> Task prompt
Among the lines below, copy exactly those from the one with "(b - refl_inf" through the one with "obtain t where", counting both ends.

> Raw data
lemma refl_inf_before_passage_time: "0 \<le> s \<Longrightarrow> s < passage_time \<Longrightarrow> refl_inf X s \<omega> \<le> b"
  using passage_time_le by force

lemma passage_time_approx:
  assumes "passage_time < c"
  obtains t where "passage_time \<le> t" "t < c" "b < refl_inf X t \<omega>"
proof -
  have "(INF t\<in>{t. 0 \<le> t \<and> b < refl_inf X t \<omega>}. ereal t) < ereal c"
    using assms tau_hat_eq by (simp add: tau_hat_def)
  then show ?thesis
    using that passage_time_le by (auto simp: INF_less_iff)
qed

lemma refl_inf_passage_time_ge: "b \<le> refl_inf X passage_time \<omega>"
proof (rule ccontr)
  define T where "T = passage_time"
  assume "\<not> b \<le> refl_inf X passage_time \<omega>"
  then have below: "refl_inf X T \<omega> < b"
    by (simp add: T_def)
  then have eps: "0 < (b - refl_inf X T \<omega>) / 3" (is "0 < ?eps")
    by simp
  have T: "0 \<le> T" by (simp add: T_def passage_time_nonneg)
  have "((\<lambda>s. X s \<omega>) \<longlongrightarrow> X T \<omega>) (at_right T)"
    using cadlag_path T unfolding cadlag_def by (simp add: continuous_within)
  then have "\<forall>\<^sub>F s in at_right T. dist (X s \<omega>) (X T \<omega>) < ?eps"
    using tendstoD eps by blast
  then obtain c where c: "T < c" "\<And>s. T < s \<Longrightarrow> s < c \<Longrightarrow> \<bar>X s \<omega> - X T \<omega>\<bar> < ?eps"
    by (auto simp: eventually_at_right_field dist_real_def)
  obtain t where t: "T \<le> t" "t < c" "b < refl_inf X t \<omega>"
    using passage_time_approx c(1) unfolding T_def by blast
  have near: "\<bar>X s \<omega> - X T \<omega>\<bar> < ?eps" if "T \<le> s" "s \<le> t" for s
    using c that t eps by (cases "s = T") auto
  have "running_inf X T \<omega> - ?eps \<le> running_inf X t \<omega>"
  proof (rule running_inf_greatest)
    fix s assume "0 \<le> s" "s \<le> t"
    show "running_inf X T \<omega> - ?eps \<le> X s \<omega>"
    proof (cases "s \<le> T")
      case True
      with \<open>0 \<le> s\<close> show ?thesis
        using running_inf_le[of s T] eps by linarith
    next
      case False
      with \<open>s \<le> t\<close> show ?thesis
        using running_inf_le[of T T] near[of s] T by linarith
    qed
  qed (use T t in simp)
  then have "refl_inf X t \<omega> < refl_inf X T \<omega> + 2 * ?eps"
    using near[of t] t unfolding refl_inf_def abs_less_iff by linarith
  then show False
    using t below by (simp add: field_simps)
qed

> Task result
  then have eps: "0 < (b - refl_inf X T \<omega>) / 3" (is "0 < ?eps")
    by simp
  have T: "0 \<le> T" by (simp add: T_def passage_time_nonneg)
  have "((\<lambda>s. X s \<omega>) \<longlongrightarrow> X T \<omega>) (at_right T)"
    using cadlag_path T unfolding cadlag_def by (simp add: continuous_within)
  then have "\<forall>\<^sub>F s in at_right T. dist (X s \<omega>) (X T \<omega>) < ?eps"
    using tendstoD eps by blast
  then obtain c where c: "T < c" "\<And>s. T < s \<Longrightarrow> s < c \<Longrightarrow> \<bar>X s \<omega> - X T \<omega>\<bar> < ?eps"
    by (auto simp: eventually_at_right_field dist_real_def)
  obtain t where t: "T \<le> t" "t < c" "b < refl_inf X t \<omega>"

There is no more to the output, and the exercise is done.